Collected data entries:

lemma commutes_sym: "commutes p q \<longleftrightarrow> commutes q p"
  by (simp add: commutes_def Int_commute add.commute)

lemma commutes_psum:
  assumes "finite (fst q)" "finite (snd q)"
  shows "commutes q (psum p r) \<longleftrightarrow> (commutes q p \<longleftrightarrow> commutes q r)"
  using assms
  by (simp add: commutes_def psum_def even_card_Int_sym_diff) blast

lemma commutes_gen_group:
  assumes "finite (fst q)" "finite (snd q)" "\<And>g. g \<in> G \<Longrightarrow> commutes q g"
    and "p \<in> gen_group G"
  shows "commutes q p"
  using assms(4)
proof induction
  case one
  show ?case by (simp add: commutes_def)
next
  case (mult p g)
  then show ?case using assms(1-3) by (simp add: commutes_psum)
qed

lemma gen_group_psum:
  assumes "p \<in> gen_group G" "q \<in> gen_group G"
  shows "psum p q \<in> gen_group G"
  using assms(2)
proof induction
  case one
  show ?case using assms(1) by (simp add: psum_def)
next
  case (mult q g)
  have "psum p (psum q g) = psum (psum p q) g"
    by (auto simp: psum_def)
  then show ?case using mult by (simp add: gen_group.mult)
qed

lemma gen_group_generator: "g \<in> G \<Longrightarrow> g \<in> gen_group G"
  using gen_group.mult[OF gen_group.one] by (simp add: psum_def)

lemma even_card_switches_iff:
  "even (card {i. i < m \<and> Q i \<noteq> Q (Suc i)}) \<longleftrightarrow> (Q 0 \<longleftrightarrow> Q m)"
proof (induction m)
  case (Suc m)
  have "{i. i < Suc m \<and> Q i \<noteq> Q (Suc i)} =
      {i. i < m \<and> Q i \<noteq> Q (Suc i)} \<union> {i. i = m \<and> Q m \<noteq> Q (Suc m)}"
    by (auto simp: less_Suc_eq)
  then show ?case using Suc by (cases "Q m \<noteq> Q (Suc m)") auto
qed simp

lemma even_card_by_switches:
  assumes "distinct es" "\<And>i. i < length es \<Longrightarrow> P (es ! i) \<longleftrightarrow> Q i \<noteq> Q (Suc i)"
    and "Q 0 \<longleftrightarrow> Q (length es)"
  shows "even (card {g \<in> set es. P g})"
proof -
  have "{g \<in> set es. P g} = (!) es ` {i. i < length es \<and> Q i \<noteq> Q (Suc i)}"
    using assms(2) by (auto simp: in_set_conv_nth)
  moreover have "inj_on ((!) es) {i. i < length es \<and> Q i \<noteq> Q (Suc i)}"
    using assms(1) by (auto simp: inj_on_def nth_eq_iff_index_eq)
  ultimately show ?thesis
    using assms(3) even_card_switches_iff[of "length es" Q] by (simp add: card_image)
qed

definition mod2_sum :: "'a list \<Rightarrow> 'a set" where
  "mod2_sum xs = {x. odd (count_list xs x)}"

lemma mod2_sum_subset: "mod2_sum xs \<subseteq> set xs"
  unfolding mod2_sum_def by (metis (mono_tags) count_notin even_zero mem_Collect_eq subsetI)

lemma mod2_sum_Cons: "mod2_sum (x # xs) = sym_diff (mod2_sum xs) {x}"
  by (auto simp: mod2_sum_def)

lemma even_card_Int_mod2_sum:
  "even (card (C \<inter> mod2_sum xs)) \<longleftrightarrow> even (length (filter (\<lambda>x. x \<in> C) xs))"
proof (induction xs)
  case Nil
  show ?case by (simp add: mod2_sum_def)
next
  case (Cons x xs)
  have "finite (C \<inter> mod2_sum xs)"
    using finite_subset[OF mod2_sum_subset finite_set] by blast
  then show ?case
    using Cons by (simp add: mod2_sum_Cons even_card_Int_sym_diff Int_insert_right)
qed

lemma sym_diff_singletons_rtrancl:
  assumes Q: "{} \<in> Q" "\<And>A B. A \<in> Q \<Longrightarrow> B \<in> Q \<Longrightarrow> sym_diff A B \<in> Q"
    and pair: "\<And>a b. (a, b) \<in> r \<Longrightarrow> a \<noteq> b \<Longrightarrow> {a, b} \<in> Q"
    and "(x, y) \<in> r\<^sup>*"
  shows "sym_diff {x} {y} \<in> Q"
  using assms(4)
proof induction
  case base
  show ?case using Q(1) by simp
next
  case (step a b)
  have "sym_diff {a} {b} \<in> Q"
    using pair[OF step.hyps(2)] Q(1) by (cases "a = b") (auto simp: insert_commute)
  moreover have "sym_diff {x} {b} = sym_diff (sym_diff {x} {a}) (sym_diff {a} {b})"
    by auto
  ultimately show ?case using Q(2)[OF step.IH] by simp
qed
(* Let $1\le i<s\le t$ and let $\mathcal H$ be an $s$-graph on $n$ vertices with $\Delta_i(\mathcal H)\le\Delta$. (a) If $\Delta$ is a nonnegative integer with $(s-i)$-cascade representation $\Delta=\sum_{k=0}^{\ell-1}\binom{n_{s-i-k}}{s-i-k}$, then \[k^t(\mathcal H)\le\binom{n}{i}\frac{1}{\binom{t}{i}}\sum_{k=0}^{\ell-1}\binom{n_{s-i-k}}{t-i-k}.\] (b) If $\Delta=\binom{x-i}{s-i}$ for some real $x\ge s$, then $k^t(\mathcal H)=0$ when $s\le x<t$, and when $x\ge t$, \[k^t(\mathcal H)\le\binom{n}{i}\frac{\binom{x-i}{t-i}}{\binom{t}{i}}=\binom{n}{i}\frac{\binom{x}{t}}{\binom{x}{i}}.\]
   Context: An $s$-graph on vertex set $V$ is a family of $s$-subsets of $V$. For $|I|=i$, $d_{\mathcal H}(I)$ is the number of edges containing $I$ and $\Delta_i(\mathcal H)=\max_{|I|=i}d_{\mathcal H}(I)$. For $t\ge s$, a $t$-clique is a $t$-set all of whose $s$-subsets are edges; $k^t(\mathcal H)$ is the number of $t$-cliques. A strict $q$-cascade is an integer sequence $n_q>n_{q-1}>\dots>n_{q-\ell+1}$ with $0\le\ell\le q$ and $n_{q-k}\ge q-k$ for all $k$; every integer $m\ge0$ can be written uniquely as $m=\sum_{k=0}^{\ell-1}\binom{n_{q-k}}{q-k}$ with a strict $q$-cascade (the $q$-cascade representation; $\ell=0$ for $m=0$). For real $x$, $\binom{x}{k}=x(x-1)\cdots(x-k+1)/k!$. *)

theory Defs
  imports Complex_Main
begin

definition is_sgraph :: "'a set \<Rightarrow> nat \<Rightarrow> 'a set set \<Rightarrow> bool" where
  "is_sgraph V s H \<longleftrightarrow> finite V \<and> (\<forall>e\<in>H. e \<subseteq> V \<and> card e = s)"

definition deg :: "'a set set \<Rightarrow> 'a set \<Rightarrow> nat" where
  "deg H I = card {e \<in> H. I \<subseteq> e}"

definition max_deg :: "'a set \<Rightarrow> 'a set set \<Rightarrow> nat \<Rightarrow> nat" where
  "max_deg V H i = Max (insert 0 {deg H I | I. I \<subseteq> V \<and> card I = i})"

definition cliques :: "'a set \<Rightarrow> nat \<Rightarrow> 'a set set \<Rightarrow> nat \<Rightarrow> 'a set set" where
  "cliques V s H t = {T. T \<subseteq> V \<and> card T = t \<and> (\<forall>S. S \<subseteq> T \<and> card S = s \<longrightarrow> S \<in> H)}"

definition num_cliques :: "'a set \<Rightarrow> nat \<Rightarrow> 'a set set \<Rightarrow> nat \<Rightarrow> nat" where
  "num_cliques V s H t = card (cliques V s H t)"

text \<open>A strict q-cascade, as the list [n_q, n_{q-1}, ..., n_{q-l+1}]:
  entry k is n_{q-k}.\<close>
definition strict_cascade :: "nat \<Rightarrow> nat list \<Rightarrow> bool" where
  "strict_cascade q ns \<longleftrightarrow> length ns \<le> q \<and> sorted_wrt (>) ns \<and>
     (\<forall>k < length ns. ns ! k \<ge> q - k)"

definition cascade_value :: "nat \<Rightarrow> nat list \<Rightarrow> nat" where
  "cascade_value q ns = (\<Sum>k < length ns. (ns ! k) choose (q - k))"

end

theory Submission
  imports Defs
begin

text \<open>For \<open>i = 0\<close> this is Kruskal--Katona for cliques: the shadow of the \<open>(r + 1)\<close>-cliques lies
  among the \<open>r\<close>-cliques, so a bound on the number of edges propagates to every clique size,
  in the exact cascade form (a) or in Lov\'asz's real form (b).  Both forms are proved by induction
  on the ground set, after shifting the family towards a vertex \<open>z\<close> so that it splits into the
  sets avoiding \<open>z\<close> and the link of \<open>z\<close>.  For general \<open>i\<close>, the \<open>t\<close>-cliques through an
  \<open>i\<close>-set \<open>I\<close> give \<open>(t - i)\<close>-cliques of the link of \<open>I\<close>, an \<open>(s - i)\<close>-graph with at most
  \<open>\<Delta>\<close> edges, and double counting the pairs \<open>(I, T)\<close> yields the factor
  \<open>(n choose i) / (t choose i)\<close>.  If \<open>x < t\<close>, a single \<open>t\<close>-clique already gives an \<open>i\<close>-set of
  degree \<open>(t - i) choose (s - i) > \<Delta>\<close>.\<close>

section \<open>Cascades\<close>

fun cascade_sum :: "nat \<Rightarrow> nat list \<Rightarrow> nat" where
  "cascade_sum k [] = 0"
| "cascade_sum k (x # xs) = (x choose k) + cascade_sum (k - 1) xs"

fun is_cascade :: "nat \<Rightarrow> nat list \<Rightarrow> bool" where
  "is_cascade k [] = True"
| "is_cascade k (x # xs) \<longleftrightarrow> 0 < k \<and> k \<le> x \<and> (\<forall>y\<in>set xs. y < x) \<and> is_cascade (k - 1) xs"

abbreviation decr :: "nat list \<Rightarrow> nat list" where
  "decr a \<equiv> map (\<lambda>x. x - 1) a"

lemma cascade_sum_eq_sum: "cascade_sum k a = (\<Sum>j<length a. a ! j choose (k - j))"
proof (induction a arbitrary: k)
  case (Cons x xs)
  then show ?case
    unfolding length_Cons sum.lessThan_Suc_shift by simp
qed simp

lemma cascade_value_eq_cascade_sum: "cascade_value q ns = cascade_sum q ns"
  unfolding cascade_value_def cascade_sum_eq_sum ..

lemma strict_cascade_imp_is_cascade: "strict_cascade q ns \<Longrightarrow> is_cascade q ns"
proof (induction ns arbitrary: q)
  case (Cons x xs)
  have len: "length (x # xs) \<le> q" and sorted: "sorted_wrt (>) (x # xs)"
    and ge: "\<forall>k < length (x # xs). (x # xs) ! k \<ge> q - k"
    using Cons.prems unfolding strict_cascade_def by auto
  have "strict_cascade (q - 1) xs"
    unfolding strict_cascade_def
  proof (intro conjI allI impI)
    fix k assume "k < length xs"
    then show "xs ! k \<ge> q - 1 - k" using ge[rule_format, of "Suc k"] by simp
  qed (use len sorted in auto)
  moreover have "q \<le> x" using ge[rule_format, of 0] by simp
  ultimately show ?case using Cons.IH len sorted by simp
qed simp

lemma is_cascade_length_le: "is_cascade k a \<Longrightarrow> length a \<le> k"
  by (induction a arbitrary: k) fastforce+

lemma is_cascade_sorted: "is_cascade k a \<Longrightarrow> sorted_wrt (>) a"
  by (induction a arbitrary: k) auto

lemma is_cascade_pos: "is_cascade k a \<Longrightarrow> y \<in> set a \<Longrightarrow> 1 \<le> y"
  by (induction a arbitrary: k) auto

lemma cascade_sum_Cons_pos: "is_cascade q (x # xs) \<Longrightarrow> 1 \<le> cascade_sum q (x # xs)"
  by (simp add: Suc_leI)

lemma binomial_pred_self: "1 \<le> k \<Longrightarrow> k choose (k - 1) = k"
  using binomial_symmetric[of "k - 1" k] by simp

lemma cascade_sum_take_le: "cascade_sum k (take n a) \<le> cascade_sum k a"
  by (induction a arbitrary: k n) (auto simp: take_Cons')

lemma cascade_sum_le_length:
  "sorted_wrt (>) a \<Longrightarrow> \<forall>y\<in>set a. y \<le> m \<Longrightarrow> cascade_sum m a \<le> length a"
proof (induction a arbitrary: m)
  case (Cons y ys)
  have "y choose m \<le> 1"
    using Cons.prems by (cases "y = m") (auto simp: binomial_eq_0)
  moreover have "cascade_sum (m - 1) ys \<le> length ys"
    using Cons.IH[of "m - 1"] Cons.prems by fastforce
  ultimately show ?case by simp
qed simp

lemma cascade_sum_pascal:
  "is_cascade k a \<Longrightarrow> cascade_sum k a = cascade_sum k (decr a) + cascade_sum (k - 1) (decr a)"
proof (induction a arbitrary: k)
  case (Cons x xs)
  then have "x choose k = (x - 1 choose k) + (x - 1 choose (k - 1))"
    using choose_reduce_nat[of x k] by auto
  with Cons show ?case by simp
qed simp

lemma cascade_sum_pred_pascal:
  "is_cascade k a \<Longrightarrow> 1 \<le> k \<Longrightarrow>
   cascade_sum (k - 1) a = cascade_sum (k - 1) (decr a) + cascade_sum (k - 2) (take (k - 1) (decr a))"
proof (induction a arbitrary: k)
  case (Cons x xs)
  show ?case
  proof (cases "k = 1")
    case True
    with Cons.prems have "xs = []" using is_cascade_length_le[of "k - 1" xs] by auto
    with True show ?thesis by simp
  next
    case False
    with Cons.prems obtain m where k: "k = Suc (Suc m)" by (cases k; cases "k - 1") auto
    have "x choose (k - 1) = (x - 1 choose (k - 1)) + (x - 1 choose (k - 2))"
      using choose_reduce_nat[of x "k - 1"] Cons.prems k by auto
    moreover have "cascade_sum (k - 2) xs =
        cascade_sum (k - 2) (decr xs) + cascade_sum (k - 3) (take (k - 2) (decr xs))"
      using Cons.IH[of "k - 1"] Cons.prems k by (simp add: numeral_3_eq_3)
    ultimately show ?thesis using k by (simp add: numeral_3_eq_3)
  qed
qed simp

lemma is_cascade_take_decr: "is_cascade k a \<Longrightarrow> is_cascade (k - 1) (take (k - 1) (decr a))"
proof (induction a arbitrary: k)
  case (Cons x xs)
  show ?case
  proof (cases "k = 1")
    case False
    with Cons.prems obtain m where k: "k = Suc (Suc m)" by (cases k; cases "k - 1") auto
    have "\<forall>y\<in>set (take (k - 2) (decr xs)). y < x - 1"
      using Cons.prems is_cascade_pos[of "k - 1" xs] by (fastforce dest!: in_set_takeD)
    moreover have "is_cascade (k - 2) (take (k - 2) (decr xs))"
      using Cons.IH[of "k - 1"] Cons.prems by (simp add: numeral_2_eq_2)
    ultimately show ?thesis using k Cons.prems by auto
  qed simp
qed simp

# [Task brief]
Only the lines above from the one with "< length (x" up to and including the one with "ultimately show ?case using Cons.IH" should be repeated, exactly as written.

# [Task solution]
    and ge: "\<forall>k < length (x # xs). (x # xs) ! k \<ge> q - k"
    using Cons.prems unfolding strict_cascade_def by auto
  have "strict_cascade (q - 1) xs"
    unfolding strict_cascade_def
  proof (intro conjI allI impI)
    fix k assume "k < length xs"
    then show "xs ! k \<ge> q - 1 - k" using ge[rule_format, of "Suc k"] by simp
  qed (use len sorted in auto)
  moreover have "q \<le> x" using ge[rule_format, of 0] by simp
  ultimately show ?case using Cons.IH len sorted by simp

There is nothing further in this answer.